De antigos funerais recolhemos seus úmidos signos:
“Tudo no homem se dá no rapto de si mesmo”, “A arte
requer um relevo de miséria e um número garantido
de quedas dissimuladas”, “Suas mãos atadas tocam
a fonte do renascimento”. Qual será a misteriosa
tribo que escapa a todo escrito. Qual a fúria que penetra
o labirinto das horas, a árvore enlouquecida insurgente
contra a boscagem murmurante de tanta fábula?
“Qual será o nome do amor?” Haverá quem escape
de tal trama? Sátiros nos levam de volta ao lar.
Reúno tuas cenas em um mesmo filme, empenhado
em dividir o fogo a cada toque órfico da memória.
Tua metade me sonha e sei que sou a testemunha
de seus conhecimentos entrados no fulgor das noites,
o portal de seus ruídos convertidos em versos.
Outra parte do amor me chega fiel ao desamparo:
“Nada em ti aceita reconhecer os traços de um mistério,
as agulhas que exalam semelhança justo nas bordas
com que polimos a firmeza de nossas feridas,
quando entalhamos o impenetrável de nossa alma”.

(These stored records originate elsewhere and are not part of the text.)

lemma expectation_r_quadruple_collisions_factor:
  assumes abcd: "a \<in> {1..D}" "b \<in> {1..D}" "c \<in> {1..D}" "d \<in> {1..D}"
  shows "expectation (\<lambda>\<omega>. r a \<omega> * r b \<omega> * r c \<omega> * r d \<omega> * (collision a b \<omega> * collision c d \<omega>)) =
      expectation (\<lambda>\<omega>. r a \<omega> * r b \<omega> * r c \<omega> * r d \<omega>) * expectation (\<lambda>\<omega>. collision a b \<omega> * collision c d \<omega>)"
    and "integrable M (\<lambda>\<omega>. r a \<omega> * r b \<omega> * r c \<omega> * r d \<omega> * (collision a b \<omega> * collision c d \<omega>))"
proof -
  have F: "(\<lambda>f. f (Inr a) * f (Inr b) * f (Inr c) * f (Inr d) :: real)
      \<in> borel_measurable (PiM (Inr ` {1..D}) (\<lambda>_. borel))"
    by (intro borel_measurable_times r_block_component_measurable abcd)
  have G: "(\<lambda>f. block_collision f a b * block_collision f c d)
      \<in> borel_measurable (PiM (Inl ` {1..D}) (\<lambda>_. borel))"
    using abcd by (intro borel_measurable_times block_collision_measurable)
  have eq: "r a \<omega> * r b \<omega> * r c \<omega> * r d \<omega> * (collision a b \<omega> * collision c d \<omega>) =
      r_block \<omega> (Inr a) * r_block \<omega> (Inr b) * r_block \<omega> (Inr c) * r_block \<omega> (Inr d)
      * (block_collision (h_block \<omega>) a b * block_collision (h_block \<omega>) c d)" for \<omega>
    using abcd by (simp add: collision_h_block)
  have "integrable M (\<lambda>\<omega>. collision a b \<omega> * collision c d \<omega>)"
    using abcd
    by (intro integrable_const_bound[where B = 1] borel_measurable_times collision_measurable)
       (auto simp: collision_eq)
  then have int: "integrable M (\<lambda>\<omega>. r_block \<omega> (Inr a) * r_block \<omega> (Inr b) * r_block \<omega> (Inr c) * r_block \<omega> (Inr d))"
    "integrable M (\<lambda>\<omega>. block_collision (h_block \<omega>) a b * block_collision (h_block \<omega>) c d)"
    using expectation_r_quadruple(2)[OF abcd] abcd by (simp_all flip: collision_h_block)
  note blocks = expectation_mult_blocks[OF F G int]
  show "integrable M (\<lambda>\<omega>. r a \<omega> * r b \<omega> * r c \<omega> * r d \<omega> * (collision a b \<omega> * collision c d \<omega>))"
    unfolding eq using blocks(2) by simp
  show "expectation (\<lambda>\<omega>. r a \<omega> * r b \<omega> * r c \<omega> * r d \<omega> * (collision a b \<omega> * collision c d \<omega>)) =
      expectation (\<lambda>\<omega>. r a \<omega> * r b \<omega> * r c \<omega> * r d \<omega>) * expectation (\<lambda>\<omega>. collision a b \<omega> * collision c d \<omega>)"
    unfolding eq using blocks(1) abcd by (simp flip: collision_h_block)
qed

lemma expectation_r_quadruple_collisions:
  assumes abcd: "a \<in> {1..D}" "b \<in> {1..D}" "c \<in> {1..D}" "d \<in> {1..D}"
  shows "expectation (\<lambda>\<omega>. r a \<omega> * r b \<omega> * r c \<omega> * r d \<omega> * (collision a b \<omega> * collision c d \<omega>)) =
      (s - 1 - 2 / k) * of_bool (a = b \<and> b = c \<and> c = d) + of_bool (a = b \<and> c = d)
      + (of_bool (a = c \<and> b = d) + of_bool (a = d \<and> b = c)) / k"
proof -
  note factor = expectation_r_quadruple_collisions_factor(1)[OF abcd]
  consider (all) "a = b \<and> b = c \<and> c = d" | (ab_cd) "a = b \<and> c = d \<and> a \<noteq> c"
    | (ac_bd) "a = c \<and> b = d \<and> a \<noteq> b" | (ad_bc) "a = d \<and> b = c \<and> a \<noteq> b"
    | (unpaired) "\<not> (a = b \<and> c = d) \<and> \<not> (a = c \<and> b = d) \<and> \<not> (a = d \<and> b = c)"
    by blast
  then show ?thesis
  proof cases
    case all
    then show ?thesis
      using abcd unfolding factor by (simp add: expectation_r_quadruple expectation_collision_self_mult)
  next
    case ab_cd
    then show ?thesis
      using abcd unfolding factor by (simp add: expectation_r_quadruple expectation_collision_self_mult)
  next
    case ac_bd
    then show ?thesis
      using abcd unfolding factor by (simp add: expectation_r_quadruple collision_idem expectation_collision_distinct)
  next
    case ad_bc
    then show ?thesis
      using abcd unfolding factor
      by (simp add: expectation_r_quadruple collision_commute collision_idem expectation_collision_distinct)
  next
    case unpaired
    then have "\<not> (a = b \<and> b = c \<and> c = d)" "\<not> (a = b \<and> c = d)" "\<not> (a = c \<and> b = d)"
      "\<not> (a = d \<and> b = c)"
      by auto
    then show ?thesis
      unfolding factor expectation_r_quadruple(1)[OF abcd] by (simp only: of_bool_eq) simp
  qed
qed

Recusas o golpe de toda liturgia e nisto destróis
as entradas flamejantes da ordem dos desvios.
Reúno os objetos sagrados de tua representação:
as imaginárias colunas por onde o amor se enrosca,
um tema recolhido em leituras que é tua pele,
as passagens que levam tua alma a regressar à minha.
Por onde retomo teu vulto, o centro de tua semelhança?
Como regressar à epifania de teus assombros?
De onde mais vem a ventura de contraditórios encantos?
“Diverso o amor nos defende da imortalidade.
A enlouquecida forma é sua própria chave,
tanto quanto a carícia compreende-lhe os trágicos esmeros.”
Reúno as páginas de um livro muito antigo,
cujo esplendor disfarçadamente percorre nossa espinha.
Sinto-me sem ti, meu profundo amor, atracado
em um único corpo, encerrado na fuligem das páginas
de uma cidade que deveria ser queimada.
“Que espécie de naufrágio requer a dor uma única vez?
Que golpe nos permite ir além de seus efeitos?”
A farsa dos fragmentos toma rápidas decisões,
célere proclama a dispersão de suas partes: folhas,
ossos, escamas, versos, estações, toda a umidade
de um saber que se transfigura em si próprio ao ser tocado.
Para onde vai tua memória? Como evitar aqui seu exílio?
Reúno tuas feridas, o redemoinho de suas imagens.
Por inúmeras vezes pensei que estivesse comigo o amor.
“Os corpos se perdem em suas nuanças; as dores, não”.